En cuanto a los cambios de los últimos años, creo que no tienen tanto que ver con el grado de compromiso religioso, como con la forma en que se ha insertado la religión en el sistema político y en la vida política. Ya dijimos antes que todos los presidentes, desde Carter, tenían que ser «religiosos». Pero este mismo proceso lo puedes ver en otros órdenes de la vida.

Aquí es extremadamente difícil enseñar las teorías de la evolución, algo totalmente normal en cualquier otro país. Y así ha sido desde hace mucho tiempo. Yo me acuerdo de cuando mi mujer estaba estudiando en la universidad, a finales de los años cuarenta. Me acuerdo de que estaba haciendo un curso de sociología. Un día me contó que el profesor les había dicho: «La parte siguiente versará sobre la evolución. No es necesario que se lo crean, pero al menos tienen que conocer qué piensan otras personas». Dudo de que algo así pase en otros países industrializados. Y no estamos hablando del Sur profundo. Era la Universidad de Pensilvania. Así pues, podemos hablar de las causas del extremismo religioso en Estados Unidos, pero se trata de un aspecto innegable –uno de tantos– del excepcional caso americano.
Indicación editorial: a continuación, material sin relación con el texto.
(* Let $G$ be a group generated by $x_1,\dots,x_n$, with finite commutator subgroup $C=[G,G]$, such that $G/C$ is free abelian of rank $n$ with basis the images of $x_1,\dots,x_n$. Let $P=X\cap\mathcal C_G(C)$ with $X=\{g_{\mathbf m}\in T: c_{\,x_1^{m_1}\cdots x_{k-1}^{m_{k-1}},\,x_k}=e \text{ for all } k=1,\dots,n\}$, and $Q=P\cap Z$, where $Z$ is the center of $G$. Then for $q\in G$: $q\in Q$ if and only if $q\,t=t\,q=(q\,t)^{ab}$ for every $t\in T$.
   Context: Notation: $\bar g=g^{-1}$, $c_{gh}=\bar g\,\bar h\,g\,h$; $\mathcal C_G(C)$ is the centralizer of $C$ in $G$. For $\mathbf r\in\mathbb Z^n$, $g_{\mathbf r}=x_1^{r_1}\cdots x_n^{r_n}$, and $T=\{g_{\mathbf r}\}$. Every $g\in G$ decomposes uniquely as $g=g_{\mathbf r}c$ with $c\in C$, and $g^{ab}$ denotes $g_{\mathbf r}$. *)

theory Defs
  imports "HOL-Algebra.Algebra"
begin

definition comm :: "('a, 'b) monoid_scheme \<Rightarrow> 'a \<Rightarrow> 'a \<Rightarrow> 'a" where
  "comm G g h = inv\<^bsub>G\<^esub> g \<otimes>\<^bsub>G\<^esub> inv\<^bsub>G\<^esub> h \<otimes>\<^bsub>G\<^esub> g \<otimes>\<^bsub>G\<^esub> h"

text \<open>gmon G x m k = x_1^{m_1} ... x_k^{m_k}; g_m = gmon G x m n.\<close>
fun gmon :: "('a, 'b) monoid_scheme \<Rightarrow> (nat \<Rightarrow> 'a) \<Rightarrow> (nat \<Rightarrow> int) \<Rightarrow> nat \<Rightarrow> 'a" where
  "gmon G x m 0 = \<one>\<^bsub>G\<^esub>"
| "gmon G x m (Suc k) = gmon G x m k \<otimes>\<^bsub>G\<^esub> (x (Suc k) [^]\<^bsub>G\<^esub> m (Suc k))"

text \<open>Exponent vectors in Z^n: functions supported on {1..n}.\<close>
definition zvecs :: "nat \<Rightarrow> (nat \<Rightarrow> int) set" where
  "zvecs n = {r. \<forall>i. i \<notin> {1..n} \<longrightarrow> r i = 0}"

definition Tset :: "('a, 'b) monoid_scheme \<Rightarrow> (nat \<Rightarrow> 'a) \<Rightarrow> nat \<Rightarrow> 'a set" where
  "Tset G x n = {gmon G x r n | r. r \<in> zvecs n}"

definition center :: "('a, 'b) monoid_scheme \<Rightarrow> 'a set" where
  "center G = {z \<in> carrier G. \<forall>g \<in> carrier G. z \<otimes>\<^bsub>G\<^esub> g = g \<otimes>\<^bsub>G\<^esub> z}"

definition centralizer :: "('a, 'b) monoid_scheme \<Rightarrow> 'a set \<Rightarrow> 'a set" where
  "centralizer G S = {z \<in> carrier G. \<forall>s \<in> S. z \<otimes>\<^bsub>G\<^esub> s = s \<otimes>\<^bsub>G\<^esub> z}"

definition abpart :: "('a, 'b) monoid_scheme \<Rightarrow> (nat \<Rightarrow> 'a) \<Rightarrow> nat \<Rightarrow> 'a \<Rightarrow> 'a" where
  "abpart G x n g = (THE t. t \<in> Tset G x n \<and> (\<exists>c \<in> derived G (carrier G). g = t \<otimes>\<^bsub>G\<^esub> c))"

definition Xset :: "('a, 'b) monoid_scheme \<Rightarrow> (nat \<Rightarrow> 'a) \<Rightarrow> nat \<Rightarrow> 'a set" where
  "Xset G x n = {gmon G x m n | m. m \<in> zvecs n \<and>
      (\<forall>k \<in> {1..n}. comm G (gmon G x m (k - 1)) (x k) = \<one>\<^bsub>G\<^esub>)}"

definition Pset :: "('a, 'b) monoid_scheme \<Rightarrow> (nat \<Rightarrow> 'a) \<Rightarrow> nat \<Rightarrow> 'a set" where
  "Pset G x n = Xset G x n \<inter> centralizer G (derived G (carrier G))"

definition Qset :: "('a, 'b) monoid_scheme \<Rightarrow> (nat \<Rightarrow> 'a) \<Rightarrow> nat \<Rightarrow> 'a set" where
  "Qset G x n = Pset G x n \<inter> center G"

end

theory Submission
  imports Defs
begin

text \<open>
  Since the images of the x_i form a basis of G/C, the set T meets every coset of C exactly
  once, so g^ab = g holds precisely for g in T. The right-hand side therefore says that q
  commutes with T, which contains the generators, i.e. q is central, and that T q is contained
  in T. Write q = g_m and a = x_1^m_1 ... x_(k-1)^m_(k-1). Raising the exponent m_k by one turns
  g_m into a x_k a^-1 g_m, which lies in the coset of x_k g_m; hence x_k g_m in T forces
  a x_k a^-1 = x_k, the defining condition of X. Conversely, under these conditions exponent
  vectors simply add: g_r g_m = g_(r+m). Centrality of q makes the condition on the centralizer
  of C in P automatic.
\<close>

context group begin

lemma subgroup_centralizer:
  assumes "S \<subseteq> carrier G"
  shows "subgroup (centralizer G S) G"
proof (rule subgroupI)
  show "centralizer G S \<subseteq> carrier G"
    by (auto simp: centralizer_def)
  show "centralizer G S \<noteq> {}"
    using assms by (auto simp: centralizer_def subset_iff intro!: exI[of _ \<one>])
next
  fix a assume a: "a \<in> centralizer G S"
  have "inv a \<otimes> s = s \<otimes> inv a" if "s \<in> S" for s
  proof -
    have sa: "a \<otimes> s = s \<otimes> a" and carr: "s \<in> carrier G" "a \<in> carrier G"
      using a that assms by (auto simp: centralizer_def)
    have "inv a \<otimes> s = inv a \<otimes> (s \<otimes> a) \<otimes> inv a"
      using carr by (simp add: m_assoc)
    also have "\<dots> = s \<otimes> inv a"
      using carr by (simp add: sa[symmetric] m_assoc[symmetric])
    finally show ?thesis .
  qed
  then show "inv a \<in> centralizer G S"
    using a by (simp add: centralizer_def)
next
  fix a b assume ab: "a \<in> centralizer G S" "b \<in> centralizer G S"
  have "a \<otimes> b \<otimes> s = s \<otimes> (a \<otimes> b)" if "s \<in> S" for s
  proof -
    have comm: "a \<otimes> s = s \<otimes> a" "b \<otimes> s = s \<otimes> b" and carr: "s \<in> carrier G" "a \<in> carrier G" "b \<in> carrier G"
      using ab that assms by (auto simp: centralizer_def)
    have "a \<otimes> b \<otimes> s = a \<otimes> (s \<otimes> b)"
      using carr by (simp add: comm(2)[symmetric] m_assoc)
    also have "\<dots> = s \<otimes> (a \<otimes> b)"
      using carr by (simp add: comm(1)[symmetric] m_assoc[symmetric])
    finally show ?thesis .
  qed
  then show "a \<otimes> b \<in> centralizer G S"
    using ab by (simp add: centralizer_def)
qed

lemma commutes_int_pow:
  assumes "a \<in> carrier G" "b \<in> carrier G" "a \<otimes> b = b \<otimes> a"
  shows "a \<otimes> b [^] (i::int) = b [^] i \<otimes> a"
proof -
  have "b \<in> centralizer G {a}"
    using assms by (simp add: centralizer_def)
  then have "b [^] i \<in> centralizer G {a}"
    using assms by (intro subgroup_int_pow_closed subgroup_centralizer) auto
  then show ?thesis by (simp add: centralizer_def)
qed

lemma center_if_commutes_with_generators:
  assumes "generate G H = carrier G" "H \<subseteq> carrier G" "q \<in> carrier G"
    and "\<forall>h\<in>H. q \<otimes> h = h \<otimes> q"
  shows "q \<in> center G"
proof -
  have "H \<subseteq> centralizer G {q}"
    using assms by (auto simp: centralizer_def)
  then have "carrier G \<subseteq> centralizer G {q}"
    using assms(1,3) by (metis generate_subgroup_incl subgroup_centralizer empty_subsetI insert_subset)
  then show ?thesis
    using assms(3) by (auto simp: center_def centralizer_def)
qed

lemma comm_eq_one_iff:
  assumes "a \<in> carrier G" "b \<in> carrier G"
  shows "comm G a b = \<one> \<longleftrightarrow> a \<otimes> b = b \<otimes> a"
proof -
  have "comm G a b = inv (b \<otimes> a) \<otimes> (a \<otimes> b)"
    using assms by (simp add: comm_def inv_mult_group m_assoc)
  then show ?thesis
    using assms by (simp add: inv_solve_left' eq_commute[of \<one>])
qed

lemma gmon_closed: "x ` {1..k} \<subseteq> carrier G \<Longrightarrow> gmon G x r k \<in> carrier G"
  by (induction k) (auto simp: image_subset_iff)

lemma gmon_cong: "(\<And>j. j \<in> {1..k} \<Longrightarrow> r j = s j) \<Longrightarrow> gmon G x r k = gmon G x s k"
  by (induction k) auto

lemma gmon_zero [simp]: "gmon G x (\<lambda>_. 0) k = \<one>"
  by (induction k) auto

lemma gmon_mult:
  assumes "x ` {1..k} \<subseteq> carrier G"
    and "\<And>j. j \<in> {1..k} \<Longrightarrow> gmon G x m (j - 1) \<otimes> x j = x j \<otimes> gmon G x m (j - 1)"
  shows "gmon G x r k \<otimes> gmon G x m k = gmon G x (\<lambda>i. r i + m i) k"
  using assms
proof (induction k)
  case 0
  then show ?case by simp
next
  case (Suc k)
  let ?y = "x (Suc k)"
  have closed: "x ` {1..k} \<subseteq> carrier G" "?y \<in> carrier G"
    using Suc.prems(1) by auto
  have carr: "gmon G x r k \<in> carrier G" "gmon G x m k \<in> carrier G"
    using gmon_closed[OF closed(1)] by auto
  have swap: "?y [^] r (Suc k) \<otimes> gmon G x m k = gmon G x m k \<otimes> ?y [^] r (Suc k)"
    using Suc.prems(2)[of "Suc k"] carr closed by (intro commutes_int_pow[symmetric]) auto
  have "gmon G x r (Suc k) \<otimes> gmon G x m (Suc k)
      = gmon G x r k \<otimes> (?y [^] r (Suc k) \<otimes> gmon G x m k) \<otimes> ?y [^] m (Suc k)"
    using carr closed by (simp add: m_assoc)
  also have "\<dots> = (gmon G x r k \<otimes> gmon G x m k) \<otimes> (?y [^] r (Suc k) \<otimes> ?y [^] m (Suc k))"
    unfolding swap using carr closed by (simp add: m_assoc)
  also have "\<dots> = gmon G x (\<lambda>i. r i + m i) (Suc k)"
    using Suc closed by (simp add: int_pow_mult)
  finally show ?case .
qed

lemma gmon_incr_exponent:
  assumes "x ` {1..K} \<subseteq> carrier G" "k \<in> {1..K}"
  shows "gmon G x (r(k := r k + 1)) K
    = gmon G x r (k - 1) \<otimes> x k \<otimes> inv (gmon G x r (k - 1)) \<otimes> gmon G x r K"
  using assms
proof (induction K)
  case 0
  then show ?case by simp
next
  case (Suc K)
  have closed: "x ` {1..K} \<subseteq> carrier G" "x ` {1..k - 1} \<subseteq> carrier G"
      "x k \<in> carrier G" "x (Suc K) \<in> carrier G"
    using Suc.prems by (force simp: image_subset_iff)+
  have carr: "gmon G x r K \<in> carrier G" "gmon G x r (k - 1) \<in> carrier G"
    using gmon_closed[OF closed(1)] gmon_closed[OF closed(2)] by auto
  show ?case
  proof (cases "k = Suc K")
    case True
    have "gmon G x (r(k := r k + 1)) K = gmon G x r K"
      using True by (intro gmon_cong) auto
    then have "gmon G x (r(k := r k + 1)) (Suc K) = gmon G x r K \<otimes> (x k \<otimes> x k [^] r k)"
      using True closed by (simp add: int_pow_mult add.commute[of _ 1])
    also have "\<dots> = gmon G x r (k - 1) \<otimes> x k \<otimes> inv (gmon G x r (k - 1)) \<otimes> gmon G x r (Suc K)"
    proof -
      have "inv (gmon G x r K) \<otimes> (gmon G x r K \<otimes> x k [^] r k) = x k [^] r k"
        using carr closed by (simp add: m_assoc[symmetric])
      then show ?thesis
        using True carr closed by (simp add: m_assoc)
    qed
    finally show ?thesis .
  next
    case False
    then show ?thesis
      using Suc carr closed by (simp add: m_assoc)
  qed
qed

lemma gmon_unit_vector:
  assumes "x ` {1..K} \<subseteq> carrier G" "k \<in> {1..K}"
  shows "gmon G x ((\<lambda>_. 0)(k := 1)) K = x k"
proof -
  have "x k \<in> carrier G"
    using assms by auto
  then show ?thesis
    using gmon_incr_exponent[OF assms, of "\<lambda>_. 0"] by simp
qed

lemma derived_rcos_conjugate:
  assumes "a \<in> carrier G" "b \<in> carrier G" "g \<in> carrier G"
  shows "derived G (carrier G) #> (a \<otimes> b \<otimes> inv a \<otimes> g) = derived G (carrier G) #> (b \<otimes> g)"
proof -
  interpret C: normal "derived G (carrier G)" G
    by (rule derived_self_is_normal)
  have "(a \<otimes> b \<otimes> inv a \<otimes> g) \<otimes> inv (b \<otimes> g) = a \<otimes> b \<otimes> inv a \<otimes> inv b"
    using assms by (simp add: inv_mult_group m_assoc) (simp add: m_assoc[symmetric])
  also have "\<dots> \<in> derived G (carrier G)"
    unfolding derived_def using assms by (intro generate.incl) blast
  finally have "a \<otimes> b \<otimes> inv a \<otimes> g \<in> derived G (carrier G) #> (b \<otimes> g)"
    using assms by (subst C.rcos_module[OF is_group]) auto
  then show ?thesis
    using assms by (intro repr_independence[symmetric] C.subgroup_axioms) auto
qed

lemma Qset_eq_Xset_inter_center: "Qset G x n = Xset G x n \<inter> center G"
  using derived_in_carrier[of "carrier G"]
  by (auto simp: Qset_def Pset_def center_def centralizer_def)

end

lemma (in normal) rcos_mult_right_mem:
  assumes "t \<in> carrier G" "c \<in> H"
  shows "H #> (t \<otimes> c) = H #> t"
proof -
  have "t \<otimes> c \<in> H #> t"
    using assms coset_eq unfolding l_coset_def by blast
  then show ?thesis
    using assms by (intro repr_independence[symmetric] subgroup_axioms)
qed

locale abelianization_basis = group G for G (structure) +
  fixes x :: "nat \<Rightarrow> 'a" and n :: nat
  assumes generators_closed: "x ` {1..n} \<subseteq> carrier G"
    and basis: "bij_betw (\<lambda>r. derived G (carrier G) #> gmon G x r n) (zvecs n)
      (carrier (G Mod derived G (carrier G)))"
begin

interpretation C: normal "derived G (carrier G)" G
  by (rule derived_self_is_normal)

lemma generator_closed: "k \<in> {1..n} \<Longrightarrow> x k \<in> carrier G"
  using generators_closed by auto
Una posible causa es que, como ya se ha dicho, Estados Unidos es un país muy atemorizado. Aquí se da una sensación inusitadamente fuerte de inseguridad, que podría tener algo que ver con el grado de fundamentalismo religioso. Estados Unidos es, con diferencia, el país más poderoso y más seguro del mundo, pero es el que más inseguro se siente. John Lewis Gaddis, el conocido historiador, escribió hace poco una fiel crónica sobre la estrategia de seguridad nacional de Bush. Gaddis data sus orígenes en las épocas iniciales de la historia estadounidense, en concreto en los tiempos de John Quincy Adams, que estableció la gran estrategia para la conquista del continente. El elemento clave de su argumentación es la famosa carta que escribió Adams en 1818, en la que justificaba la conquista de Florida por Andrew Jackson, durante la primera guerra contra los seminoles.1

Gaddis menciona las palabras de Adams, que decía que era necesario atacar la zona de Florida para proteger la seguridad estadounidense, porque la región era un «estado fracasado» –utiliza esta expresión tal cual–, una especie de vacío de poder que amenazaba a Estados Unidos.

Pero si analizas los ensayos históricos, resulta de lo más interesante. Sin duda, Gaddis sabe que los ensayos históricos que cita señalan que la invasión de Florida por Andrew Jackson no tuvo nada que ver con la seguridad nacional. Aquello solo tuvo que ver con el deseo expansionista, con el afán por conquistar las colonias españolas. La única amenaza existente eran los indios «desmandados» y los esclavos fugitivos. Los indios estaban desmandados porque los habían expulsado de sus hogares y los habían asesinado, y los esclavos huían porque no querían ser esclavos. Hubo casos de ataques indios a asentamientos estadounidenses, pero respondían al deseo de tomar represalias por ataques previos de los estadounidenses. A eso lo llamaron terror, claro, y nosotros teníamos que defendernos conquistando Florida.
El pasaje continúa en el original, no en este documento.